Your task:
Filter the entries down to the lines holding "fixes", then copy those lines.

Items listed in a dataset:
lemma op_norm_deriv_I_op_le:
  assumes adC: "ad_M d L C = schur_mult (\<lambda>S T. m S - m T) C"
    and m: "\<And>S. cmod (m S) \<le> n / 2"
    and "U > 0" and z: "cmod z * n < \<bar>real_of_int k\<bar> * U"
  shows "op_norm d L (\<lambda>S T. deriv (\<lambda>h. I_op d L k U h C S T) z)
      \<le> n / (\<bar>real_of_int k\<bar> * U - cmod z * n)\<^sup>2 * op_norm d L C"
proof -
  have bound: "cmod (m S - m T) \<le> n" for S T
    using norm_triangle_ineq4[of "m S" "m T"] m[of S] m[of T] by linarith
  have small: "cmod (z * (m S - m T)) < \<bar>real_of_int k\<bar> * U" for S T
    using z bound[of S T] by (smt (verit) mult_left_mono norm_ge_zero norm_mult)
  have "(\<lambda>S T. deriv (\<lambda>h. I_op d L k U h C S T) z)
      = schur_mult (\<lambda>S T. (m S - m T) / (of_int k * of_real U - z * (m S - m T))\<^sup>2) C"
    unfolding I_op_ad_M_I_op[OF adC small, symmetric]
    by (intro ext DERIV_imp_deriv I_op_has_field_derivative[OF adC bound z])
  moreover have "cmod z * n < cmod (of_int k * complex_of_real U)"
    using z \<open>U > 0\<close> unfolding norm_of_int_mult_of_real by simp
  note mat_norm_schur_resolvent_deriv_le[where C = "configs d L" and m = m and n = n and z = z
      and c = "of_int k * complex_of_real U" and B = C, OF finite_configs m this]
  ultimately show ?thesis
    unfolding op_norm_eq_mat_norm norm_of_int_mult_of_real using \<open>U > 0\<close> by simp
qed

lemma divide_square_diff_mono:
  fixes a s t K N :: real
  assumes "0 \<le> a" "s \<le> t" "t * a < K" "0 \<le> N"
  shows "a / (K - s * a)\<^sup>2 * N \<le> a / (K - t * a)\<^sup>2 * N"
proof -
  have "0 < K - t * a" "K - t * a \<le> K - s * a"
    using assms by (auto intro: mult_right_mono)
  then have "(K - t * a)\<^sup>2 \<le> (K - s * a)\<^sup>2" "0 < (K - t * a)\<^sup>2" "0 < (K - s * a)\<^sup>2"
    by (auto intro: power_mono)
  then show ?thesis
    using assms by (intro mult_right_mono divide_left_mono mult_pos_pos) auto
qed

theorem lemmaA4:
  fixes d L :: nat and h0 U :: real and k :: int and X :: "site set" and A :: fop
  assumes "d \<ge> 1" and "even L" and "L \<ge> 2"
    and "h0 > 0" and "U > 0" and "k \<noteq> 0"
    and "X \<subseteq> sites d L"
    and "A \<in> loc_alg d L X"
    and "has_grade d L k A"
    and "\<bar>real_of_int k\<bar> * U > h0 * real (card X)"
  shows "(\<exists>S. open S \<and> complex_of_real ` {-h0..h0} \<subseteq> S \<and>
            (\<forall>P Q. (\<lambda>h. I_op d L k U h (compress d L A) P Q) holomorphic_on S))
       \<and> (\<forall>r::real. \<bar>r\<bar> \<le> h0 \<longrightarrow>
            (\<forall>P Q. ((\<lambda>h. I_op d L k U h (compress d L A) P Q) has_field_derivative
                     I_op d L k U (of_real r)
                       (ad_M d L (I_op d L k U (of_real r) (compress d L A))) P Q)
                   (at (of_real r)))
          \<and> op_norm d L (\<lambda>P Q. deriv (\<lambda>h. I_op d L k U h (compress d L A) P Q) (of_real r))
              \<le> real (card X) / (\<bar>real_of_int k\<bar> * U - \<bar>r\<bar> * real (card X))\<^sup>2
                  * op_norm d L (compress d L A)
          \<and> real (card X) / (\<bar>real_of_int k\<bar> * U - \<bar>r\<bar> * real (card X))\<^sup>2
                  * op_norm d L (compress d L A)
              \<le> real (card X) / (\<bar>real_of_int k\<bar> * U - h0 * real (card X))\<^sup>2
                  * op_norm d L (compress d L A))"
proof -
  define B where "B = compress d L A"
  define D where "D = {z. cmod z * real (card X) < \<bar>real_of_int k\<bar> * U}"
  have adB: "ad_M d L B = schur_mult (\<lambda>P Q. mag_on X P - mag_on X Q) B"
    unfolding B_def using assms(7,8) by (rule ad_M_compress_loc_alg)
  have mag: "cmod (mag_on X P - mag_on X Q) \<le> real (card X)" for P Q
    using norm_triangle_ineq4[of "mag_on X P" "mag_on X Q"] norm_mag_on_le[of X P] norm_mag_on_le[of X Q]
    by linarith
  have deriv: "((\<lambda>h. I_op d L k U h B P Q) has_field_derivative
      I_op d L k U z (ad_M d L (I_op d L k U z B)) P Q) (at z)" if "z \<in> D" for z P Q
    using that unfolding D_def by (intro I_op_has_field_derivative[OF adB mag]) simp
  have real_in_D: "complex_of_real r \<in> D" if "\<bar>r\<bar> \<le> h0" for r
  proof -
    have "\<bar>r\<bar> * real (card X) \<le> h0 * real (card X)"
      using that by (rule mult_right_mono) simp
    then show ?thesis using assms(10) unfolding D_def by simp
  qed
  have "open D"
    unfolding D_def by (intro open_Collect_less continuous_intros)
  then have "(\<lambda>h. I_op d L k U h B P Q) holomorphic_on D" for P Q
    using deriv holomorphic_on_open by blast
  moreover have "complex_of_real ` {-h0..h0} \<subseteq> D"
    using real_in_D by auto
  moreover have "op_norm d L (\<lambda>P Q. deriv (\<lambda>h. I_op d L k U h B P Q) (of_real r))
      \<le> real (card X) / (\<bar>real_of_int k\<bar> * U - \<bar>r\<bar> * real (card X))\<^sup>2 * op_norm d L B"
    if "\<bar>r\<bar> \<le> h0" for r
    using op_norm_deriv_I_op_le[OF adB norm_mag_on_le assms(5), where z = "of_real r"] real_in_D[OF that]
    unfolding D_def by simp
  moreover have "real (card X) / (\<bar>real_of_int k\<bar> * U - \<bar>r\<bar> * real (card X))\<^sup>2 * op_norm d L B
      \<le> real (card X) / (\<bar>real_of_int k\<bar> * U - h0 * real (card X))\<^sup>2 * op_norm d L B"
    if "\<bar>r\<bar> \<le> h0" for r
    using that assms(10) mat_norm_nonneg[OF finite_configs] unfolding op_norm_eq_mat_norm
    by (intro divide_square_diff_mono) auto
  ultimately show ?thesis
    unfolding B_def[symmetric] using \<open>open D\<close> deriv real_in_D by blast
qed

end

Answer to this exercise:
  fixes a s t K N :: real
  fixes d L :: nat and h0 U :: real and k :: int and X :: "site set" and A :: fop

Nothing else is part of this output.